Expoint - all jobs in one place

מציאת משרת הייטק בחברות הטובות ביותר מעולם לא הייתה קלה יותר

Limitless High-tech career opportunities - Expoint

SAP Internship Data Scientist F/M 
France 
444998666

06.02.2025

What you'll do

Goals:

  • Apply Natural Language Processing (NLP) techniques to analyze and structure the subset of SAP KBAs and SAP Help Documents on SAP HANA DB.
  • Contribute to the development of a knowledge graph inspired by LightRAG, utilizing NER and relation extraction.
  • Topic Modeling and Clustering:
    • Cluster KBAs into groups using various clustering algorithms (e.g., K-means, hierarchical clustering).
    • Apply topic modeling techniques (e.g., Latent Dirichlet Allocation (LDA), Non-Negative Matrix Factorization (NMF), BERTopic, FASTopic) to identify underlying topics in the clustered KBAs.
    • Conduct analysis on the clusters and summarize elements within each cluster using Large Language Models (LLMs) such as BERT, RoBERTa, or transformer-based models.
  • Named Entity Recognition (NER) and Information Extraction:
    • Apply NER techniques to extract relevant entities (e.g., product names, functions, references) from the KBAs and Help Documents.
    • Use information extraction techniques to structure the documents into a more organized format.
    • Identify relationships between documents based on meta-data presented in JSON (e.g., related products, product functions).
  • Construction of Knowledge Graph:
    • Design and implement a knowledge graph inspired by LightRAG, utilizing the extracted entities and relationships.
    • Integrate the knowledge graph with existing SAP systems or tools, as needed.

Deliverables:

  • A report detailing the clustering and topic modeling results.
  • A knowledge graph inspired by LightRAG, integrating the extracted entities and relationships from the KBAs and Help Documents.
  • A presentation summarizing the project outcomes and contributions to the SAP Labs team.
  • A written document (e.g., thesis, research paper) detailing the methodology, results, and conclusions of the internship project.

What you bring

NLP Fundamentals:

  • Understanding of NLP concepts, such as tokenization, stemming, lemmatization, sentiment analysis, and topic modeling.
  • Familiarity with popular NLP libraries and frameworks (e.g., NLTK, spaCy, scikit-learn).

Deep Learning Techniques:

  • Experience with deep learning models for NLP tasks, such as BERT, RoBERTa, transformer-based models.
  • Understanding of techniques for fine-tuning pre-trained language models on specific tasks.

Programming Skills:

  • Proficiency in programming languages (e.g., Python, Java).
  • Familiarity with popular libraries and frameworks (e.g., TensorFlow, PyTorch).

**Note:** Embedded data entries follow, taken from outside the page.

(* Let $X^{2n}$ be a quasitoric manifold over a simple polytope $P^n$ and let $T^{n-1}\subset T^n$ be a subtorus such that the induced action of $T^{n-1}$ on $X^{2n}$ has connected stabilizers. Let \[ Z_{\mathrm{non}}=(Y_{\mathrm{non}}\times D^2)\cup(P^n\times\partial D^2)\subset \partial(P^n\times D^2)\cong S^{n+1}. \] Then $Z_{\mathrm{non}}$ is homotopy equivalent to the orbit space $Q^{n+1}=X^{2n}/T^{n-1}$.
   Context: For each facet $F$ of $P^n$, $\lambda(F)\in N=\mathrm{Hom}(T^1,T^n)\cong\mathbb{Z}^n$ is the primitive vector of the circle subgroup of $T^n$ stabilizing points of $X^{2n}$ over the interior of $F$. Let $\Pi\subset N$ be the image of $\mathrm{Hom}(T^1,T^{n-1})$. A facet $F$ is special if $\lambda(F)\in\Pi$; a proper face of $P^n$ is special if all facets containing it are special, and non-special otherwise. $Y_{\mathrm{non}}\subset\partial P^n$ is the union of all (closed) non-special faces. $D^2$ is the closed 2-disc. *)

theory Defs
  imports "HOL-Analysis.Analysis"
begin

text \<open>Quotient of a topological space by a relation R (intended to be an equivalence
relation on the carrier): points are the equivalence classes, a set of classes is open
iff the union of its members is open.\<close>
definition quotient_topology :: "'a topology \<Rightarrow> ('a \<times> 'a) set \<Rightarrow> 'a set topology" where
  "quotient_topology X R = topology (\<lambda>U. U \<subseteq> topspace X // R \<and> openin X (\<Union>U))"

definition int_lattice :: "(real^'n) set" where
  "int_lattice = {v. \<forall>i. v $ i \<in> \<int>}"

definition torus :: "(complex^'n) set" where
  "torus = {z. \<forall>i. cmod (z $ i) = 1}"

definition tmul :: "complex^'n \<Rightarrow> complex^'n \<Rightarrow> complex^'n" where
  "tmul z w = (\<chi> i. z $ i * w $ i)"

text \<open>Exponential map R^n = Lie(T^n) \<rightarrow> T^n, with kernel Z^n.\<close>
definition texp :: "real^'n \<Rightarrow> complex^'n" where
  "texp v = (\<chi> i. cis (2 * pi * v $ i))"

definition facets_at :: "(real^'n) set \<Rightarrow> real^'n \<Rightarrow> (real^'n) set set" where
  "facets_at P p = {F. F facet_of P \<and> p \<in> F}"

definition simple_polytope :: "(real^'n) set \<Rightarrow> bool" where
  "simple_polytope P \<longleftrightarrow> polytope P \<and> aff_dim P = int CARD('n) \<and>
     (\<forall>v. v extreme_point_of P \<longrightarrow> card (facets_at P v) = CARD('n))"

text \<open>Characteristic function: each facet gets an integer vector, and at every vertex
the vectors of the facets through it form a basis of Z^n (they generate Z^n as a group;
since there are n of them this is the basis condition, and it implies primitivity).\<close>
definition characteristic_function :: "(real^'n) set \<Rightarrow> ((real^'n) set \<Rightarrow> real^'n) \<Rightarrow> bool" where
  "characteristic_function P lam \<longleftrightarrow>
     (\<forall>F. F facet_of P \<longrightarrow> lam F \<in> int_lattice) \<and>
     (\<forall>v. v extreme_point_of P \<longrightarrow>
        (\<forall>z \<in> int_lattice. \<exists>c :: (real^'n) set \<Rightarrow> int.
            z = (\<Sum>F \<in> facets_at P v. of_int (c F) *\<^sub>R lam F)))"

definition Tface :: "(real^'n) set \<Rightarrow> ((real^'n) set \<Rightarrow> real^'n) \<Rightarrow> real^'n \<Rightarrow> (complex^'n) set" where
  "Tface P lam p = texp ` span (lam ` facets_at P p)"

definition qt_rel :: "(real^'n) set \<Rightarrow> ((real^'n) set \<Rightarrow> real^'n)
    \<Rightarrow> (((real^'n) \<times> (complex^'n)) \<times> ((real^'n) \<times> (complex^'n))) set" where
  "qt_rel P lam = {((p, t), (q, s)). p \<in> P \<and> q \<in> P \<and> t \<in> torus \<and> s \<in> torus \<and>
       p = q \<and> (\<exists>g \<in> Tface P lam p. t = tmul g s)}"

definition quasitoric :: "(real^'n) set \<Rightarrow> ((real^'n) set \<Rightarrow> real^'n)
    \<Rightarrow> ((real^'n) \<times> (complex^'n)) set topology" where
  "quasitoric P lam = quotient_topology
       (prod_topology (top_of_set P) (top_of_set torus)) (qt_rel P lam)"

definition qt_act :: "complex^'n \<Rightarrow> ((real^'n) \<times> (complex^'n)) set \<Rightarrow> ((real^'n) \<times> (complex^'n)) set" where
  "qt_act s c = (\<lambda>(p, t). (p, tmul s t)) ` c"

definition qt_stabilizer :: "(complex^'n) set \<Rightarrow> ((real^'n) \<times> (complex^'n)) set \<Rightarrow> (complex^'n) set" where
  "qt_stabilizer H c = {s \<in> H. qt_act s c = c}"

definition orbit_rel :: "(real^'n) set \<Rightarrow> ((real^'n) set \<Rightarrow> real^'n) \<Rightarrow> (complex^'n) set
    \<Rightarrow> (((real^'n) \<times> (complex^'n)) set \<times> ((real^'n) \<times> (complex^'n)) set) set" where
  "orbit_rel P lam H = {(c, d). c \<in> topspace (quasitoric P lam) \<and> d \<in> topspace (quasitoric P lam) \<and>
       (\<exists>s \<in> H. d = qt_act s c)}"

definition orbit_space :: "(real^'n) set \<Rightarrow> ((real^'n) set \<Rightarrow> real^'n) \<Rightarrow> (complex^'n) set
    \<Rightarrow> ((real^'n) \<times> (complex^'n)) set set topology" where
  "orbit_space P lam H = quotient_topology (quasitoric P lam) (orbit_rel P lam H)"

text \<open>The subtorus T^{n-1} = texp V, where V = Lie(T^{n-1}) is a rational subspace of
dimension n-1; Pi = V \<inter> Z^n is the image of Hom(T^1,T^{n-1}) in N = Z^n.\<close>
definition rational_hyperplane :: "(real^'n) set \<Rightarrow> bool" where
  "rational_hyperplane V \<longleftrightarrow> subspace V \<and> dim V = CARD('n) - 1 \<and>
      V = span (V \<inter> int_lattice)"

definition special_facet :: "(real^'n) set \<Rightarrow> ((real^'n) set \<Rightarrow> real^'n) \<Rightarrow> (real^'n) set \<Rightarrow> (real^'n) set \<Rightarrow> bool" where
  "special_facet P lam V F \<longleftrightarrow> F facet_of P \<and> lam F \<in> V \<inter> int_lattice"

definition special_face :: "(real^'n) set \<Rightarrow> ((real^'n) set \<Rightarrow> real^'n) \<Rightarrow> (real^'n) set \<Rightarrow> (real^'n) set \<Rightarrow> bool" where
  "special_face P lam V G \<longleftrightarrow> (\<forall>F. F facet_of P \<and> G \<subseteq> F \<longrightarrow> special_facet P lam V F)"

definition Y_non :: "(real^'n) set \<Rightarrow> ((real^'n) set \<Rightarrow> real^'n) \<Rightarrow> (real^'n) set \<Rightarrow> (real^'n) set" where
  "Y_non P lam V = \<Union>{G. G face_of P \<and> G \<noteq> {} \<and> G \<noteq> P \<and> \<not> special_face P lam V G}"

definition Z_non :: "(real^'n) set \<Rightarrow> ((real^'n) set \<Rightarrow> real^'n) \<Rightarrow> (real^'n) set \<Rightarrow> ((real^'n) \<times> complex) set" where
  "Z_non P lam V = (Y_non P lam V \<times> cball 0 1) \<union> (P \<times> sphere 0 1)"

end

theory Submission
  imports Defs
begin

text \<open>Choose a primitive integer normal c of the Lie algebra V of T^{n-1} and u \<in> Z^n with
  c \<bullet> u = 1. The character \<chi>_c : T^n \<rightarrow> S^1 then has kernel T^{n-1}, and the circle with
  direction u is a section of it. Hence Q = X/T^{n-1} is P \<times> S^1 with the circle over each point
  of Y_non collapsed: off Y_non all isotropy lies in T^{n-1}, whereas at a point of Y_non some
  non-special facet contributes an isotropy circle transverse to T^{n-1}. Accordingly
  Z_non \<rightarrow> Q sends (p, w) to [p, u(w)] on P \<times> S^1 and to [p, 1] on Y_non \<times> D^2.

  As a finite union of faces, Y_non is a closed ANR. So there are a deformation H of P rel
  Y_non that pushes a neighbourhood of Y_non into Y_non and a cutoff \<sigma> that vanishes on Y_non
  and is 1 off that neighbourhood; the inverse Q \<rightarrow> Z_non is [p, t] \<mapsto> (H_1(p), \<sigma>(p) \<chi>_c(t)).
  The composite on Q is homotopic to the identity by undoing H, the one on Z_non by rescaling
  the disc coordinate and then undoing H.\<close>

lemma Union_Int_quotient:
  assumes "equiv A R" "S \<subseteq> A // R" "T \<subseteq> A // R"
  shows "\<Union>(S \<inter> T) = \<Union>S \<inter> \<Union>T"
proof
  show "\<Union>S \<inter> \<Union>T \<subseteq> \<Union>(S \<inter> T)"
  proof
    fix x assume "x \<in> \<Union>S \<inter> \<Union>T"
    then obtain C D where CD: "C \<in> S" "D \<in> T" "x \<in> C" "x \<in> D" by auto
    then have "C = D" using quotient_disj[OF assms(1), of C D] assms(2,3) by blast
    with CD show "x \<in> \<Union>(S \<inter> T)" by auto
  qed
qed auto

Data Analysis and Visualization:

  • Experience with data analysis and visualization tools (e.g., Pandas, NumPy, Matplotlib, Seaborn).

Collaboration and Communication:

  • Strong communication and collaboration skills to work effectively with the SAP Labs team.
  • Desire and ability to work closely with a team (local and distant); Good written and oral practice of English, French, and German are a plus.
  • Ability to think innovatively and autonomy in work.

Meet your team

  • You will work closely with the SAP Labs team, which consists of experienced and passionate professionals in the field of information technology and software.
  • This team will provide the necessary support and enable you to thrive in an innovative and international environment.
  • We are confident that the missions of this internship are both complex and international, as we are a leading global company in the field of information technology and software.